United States District Court, District of Columbia

February 28, 2017



          Emmet G. Sullivan United States District Judge.

         Newton Gregorio, co-founder of the Capital Wesleyan Church (“Capital”), brings this action individually and as the Pastor and Minister in Charge of Capital against the Chesapeake District of the Wesleyan Church (“Chesapeake”) and Stanley K. Hoover, Chesapeake's Superintendent. Mr. Gregorio asserts claims of breach of contract, unjust enrichment, wrongful eviction, defamation, and age discrimination. Defendants have moved to dismiss Mr. Gregorio's complaint for lack of subject matter jurisdiction or, in the alternative, for failure to state a claim upon which relief may be granted. Upon consideration of the motion, the response and reply thereto, the applicable law, and for the reasons discussed below, defendants' motion to dismiss is GRANTED IN PART and DENIED IN PART.

         I. Background

         The facts alleged in the complaint are as follows. In 1995, Newton Gregorio and his wife, Lynette Gregorio, co-founded the Capital Inner City Outreach Ministry, which they later incorporated as the Capital Wesleyan Church. Compl., ECF No. 1-1 ¶ 6. Capital adopted and affiliated itself with Wesleyan religious doctrines and principles but retained its organizational, administrative, and pastoral independence vis-à-vis the national Wesleyan Church and the national Church's mid-Atlantic regional subsidiary, the Chesapeake District of the Wesleyan Church. Id. ¶¶ 6-8.

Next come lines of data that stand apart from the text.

text \<open>Directions along which \<open>K\<close> contains exponentials of arbitrarily small multiples
  belong to the Lie algebra: \<open>exp (t L)\<close> is a limit of integer powers of \<open>exp (Y k)\<close>.\<close>

lemma limit_direction_mem_lie_algebra:
  assumes K: "\<And>k. matrix_exp (Y k) \<in> K" and nonzero: "\<And>k. Y k \<noteq> 0"
    and "Y \<longlonglongrightarrow> 0" and L: "(\<lambda>k. Y k /\<^sub>R norm (Y k)) \<longlonglongrightarrow> L"
  shows "L \<in> lie_algebra"
  unfolding lie_algebra_def
proof (intro CollectI allI)
  fix t :: real
  define \<nu> where "\<nu> k = norm (Y k)" for k
  define n where "n k = \<lfloor>t / \<nu> k\<rfloor>" for k
  have \<nu>_pos: "\<nu> k > 0" for k using nonzero by (simp add: \<nu>_def)
  have \<nu>_0: "\<nu> \<longlonglongrightarrow> 0"
    using tendsto_norm_zero[OF \<open>Y \<longlonglongrightarrow> 0\<close>] by (simp add: \<nu>_def[abs_def])
  have approx: "\<bar>t - of_int (n k) * \<nu> k\<bar> \<le> \<nu> k" for k
  proof -
    have "of_int (n k) \<le> t / \<nu> k" "t / \<nu> k < of_int (n k) + 1"
      unfolding n_def by linarith+
    moreover have "of_int (n k) * \<nu> k \<le> t" "t < (of_int (n k) + 1) * \<nu> k"
      using calculation \<nu>_pos[of k] by (simp_all add: le_divide_eq divide_less_eq)
    ultimately show ?thesis by (simp add: algebra_simps)
  qed
  have "(\<lambda>k. t - of_int (n k) * \<nu> k) \<longlonglongrightarrow> 0"
    by (rule Lim_null_comparison[OF _ \<nu>_0]) (simp add: approx)
  from tendsto_diff[OF tendsto_const[of t] this]
  have "(\<lambda>k. of_int (n k) * \<nu> k) \<longlonglongrightarrow> t" by simp
  from tendsto_scaleR[OF this L]
  have "(\<lambda>k. (of_int (n k) * \<nu> k) *\<^sub>R (Y k /\<^sub>R norm (Y k))) \<longlonglongrightarrow> t *\<^sub>R L" .
  moreover have "(of_int (n k) * \<nu> k) *\<^sub>R (Y k /\<^sub>R norm (Y k)) = of_int (n k) *\<^sub>R Y k" for k
    using \<nu>_pos[of k] by (simp add: \<nu>_def)
  ultimately have "(\<lambda>k. of_int (n k) *\<^sub>R Y k) \<longlonglongrightarrow> t *\<^sub>R L"
    by (simp only:)
  from isCont_tendsto_compose[OF isCont_matrix_exp this]
  show "matrix_exp (t *\<^sub>R L) \<in> K"
    by (rule closed_sequentially[OF closed matrix_exp_of_int_scaleR_mem[OF K]])
qed

lemma small_complement_exp_mem_imp_zero:
  assumes P: "linear P" and P_id: "\<And>X. X \<in> lie_algebra \<Longrightarrow> P X = X"
  shows "\<exists>\<epsilon>>0. \<forall>Y. P Y = 0 \<longrightarrow> norm Y < \<epsilon> \<longrightarrow> matrix_exp Y \<in> K \<longrightarrow> Y = 0"
proof (rule ccontr)
  assume "\<not> ?thesis"
  then have "\<forall>\<epsilon>>0. \<exists>Y. P Y = 0 \<and> norm Y < \<epsilon> \<and> matrix_exp Y \<in> K \<and> Y \<noteq> 0"
    by blast
  then have "\<forall>k::nat. \<exists>Y. P Y = 0 \<and> norm Y < inverse (Suc k) \<and> matrix_exp Y \<in> K \<and> Y \<noteq> 0"
    by simp
  then obtain Y where Y: "\<And>k. P (Y k) = 0" "\<And>k. norm (Y k) < inverse (Suc k)"
    "\<And>k. matrix_exp (Y k) \<in> K" "\<And>k. Y k \<noteq> 0"
    by metis
  have "\<forall>k. Y k /\<^sub>R norm (Y k) \<in> sphere 0 1"
    using Y(4) by simp
  then obtain L r where L: "L \<in> sphere 0 1" "strict_mono r"
    "((\<lambda>k. Y k /\<^sub>R norm (Y k)) \<circ> r) \<longlonglongrightarrow> L"
    by (rule seq_compactE[OF compact_imp_seq_compact[OF compact_sphere]])
  have "Y \<longlonglongrightarrow> 0"
    using Y(2) by (intro Lim_null_comparison[OF _ LIMSEQ_inverse_real_of_nat] always_eventually allI)
      (simp add: less_imp_le)
  from LIMSEQ_subseq_LIMSEQ[OF this L(2)] have "(\<lambda>k. Y (r k)) \<longlonglongrightarrow> 0"
    by (simp add: o_def)
  then have "L \<in> lie_algebra"
    using L(3) Y(3,4) by (intro limit_direction_mem_lie_algebra[of "\<lambda>k. Y (r k)"]) (simp_all add: o_def)
  moreover have "P L = 0"
  proof -
    have "(\<lambda>k. P (Y (r k) /\<^sub>R norm (Y (r k)))) \<longlonglongrightarrow> P L"
      using bounded_linear.tendsto[OF linear_conv_bounded_linear[THEN iffD1, OF P] L(3)]
      by (simp add: o_def)
    then show ?thesis
      by (simp add: linear_scale[OF P] Y(1) LIMSEQ_const_iff)
  qed
  ultimately show False
    using P_id L(1) by simp
qed
lemma G_space_norm_le:
  assumes "f \<in> G_space a b \<rho>" "a \<ge> 0" "b \<ge> 0" "\<rho> \<ge> 0"
  obtains C where "\<forall>z. norm (f z) \<le> C * exp (b * norm z powr \<rho>)"
proof -
  obtain C where C: "C > 0"
      "\<forall>x y. norm (f (Complex x y)) \<le> C * exp (- a * \<bar>x\<bar> powr \<rho> + b * \<bar>y\<bar> powr \<rho>)"
    using assms(1) by (auto simp: G_space_def)
  have "norm (f z) \<le> C * exp (b * norm z powr \<rho>)" for z
  proof -
    have "\<bar>Im z\<bar> powr \<rho> \<le> norm z powr \<rho>"
      using abs_Im_le_cmod assms(4) by (intro powr_mono2) auto
    then have "b * \<bar>Im z\<bar> powr \<rho> \<le> b * norm z powr \<rho>"
      using assms(3) by (rule mult_left_mono)
    moreover have "0 \<le> a * \<bar>Re z\<bar> powr \<rho>"
      using assms(2) by simp
    ultimately have "- a * \<bar>Re z\<bar> powr \<rho> + b * \<bar>Im z\<bar> powr \<rho> \<le> b * norm z powr \<rho>"
      by linarith
    then have "C * exp (- a * \<bar>Re z\<bar> powr \<rho> + b * \<bar>Im z\<bar> powr \<rho>) \<le> C * exp (b * norm z powr \<rho>)"
      using C(1) by simp
    moreover have "norm (f z) \<le> C * exp (- a * \<bar>Re z\<bar> powr \<rho> + b * \<bar>Im z\<bar> powr \<rho>)"
      using C(2)[rule_format, of "Re z" "Im z"] by simp
    ultimately show ?thesis by linarith
  qed
  then show ?thesis using that by blast
qed

lemma frequently_less_of_Liminf_less:
  fixes X :: "'a \<Rightarrow> real"
  assumes "Liminf F (\<lambda>x. ereal (X x)) < ereal d"
  obtains c where "c < d" "\<exists>\<^sub>F x in F. X x < c"
proof -
  obtain e where e: "Liminf F (\<lambda>x. ereal (X x)) < e" "e < ereal d"
    using assms ereal_dense2 by blast
  then obtain y where y: "y < e" "\<exists>\<^sub>F x in F. ereal (X x) \<le> y"
    by (auto simp: not_le[symmetric] le_Liminf_iff not_eventually)
  obtain c where c: "y < ereal c" "ereal c < e"
    using y(1) ereal_dense2 by blast
  have "c < d" using c(2) e(2) by (metis less_ereal.simps(1) order.strict_trans)
  moreover have "\<exists>\<^sub>F x in F. X x < c"
    using y(2) by (rule frequently_elim1) (use c(1) in \<open>metis le_less_trans less_ereal.simps(1)\<close>)
  ultimately show ?thesis using that by blast
qed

         Despite that independence, Chesapeake procured a loan in the amount of $110, 000 from the Wesleyan Investment Foundation (“WIF”) to be used for the purchase of property at 383114th Street, Northwest, Washington, D.C., and Capital and Chesapeake co-signed the promissory note related to that loan. Id. ¶ 7. The Deed of Trust, however, was in Chesapeake's name only, and Chesapeake holds title to the property. Id. ¶¶ 7, 9. At some point, Capital and Chesapeake “entered into an agreement” related to the 383114th Street property that provided that Chesapeake would secure and arrange the financing to purchase the property; that Capital would be responsible for repaying the loan; that Chesapeake would hold title to the property while the loan was in repayment “to protect against Capital's default on the loan”; and that, when the loan was repaid, Chesapeake would “relinquish the title to the property to Capital free and clear of any encumbrances.” Id. ¶¶ 18, 21. By 2005, Capital, using “the funds of the Capital membership without any contribution from Chesapeake, ” had fully repaid the loan, but since that time Chesapeake has refused to transfer title to Capital. Id. ¶¶ 9, 16, 19, 21.

         Chesapeake also obtained financing to purchase an adjacent property at 3829 14th Street, Northwest, Washington, D.C. and entered into a “special arrangement” with Capital “whereby the property would be owned by Chesapeake, but Capital would be responsible for payment of the [p]romissory [n]ote on the property.” Id. ¶¶ 17, 31.[1] Thus, Mr. Gregorio “raised the funds to pay for” the 3829 14th Street property. Id. ¶ 10. Those payments were made until Chesapeake took action in the spring and summer of 2015 to remove Mr. Gregorio from his positions as Pastor and Minister in Charge of Capital. See Id. ¶ 31.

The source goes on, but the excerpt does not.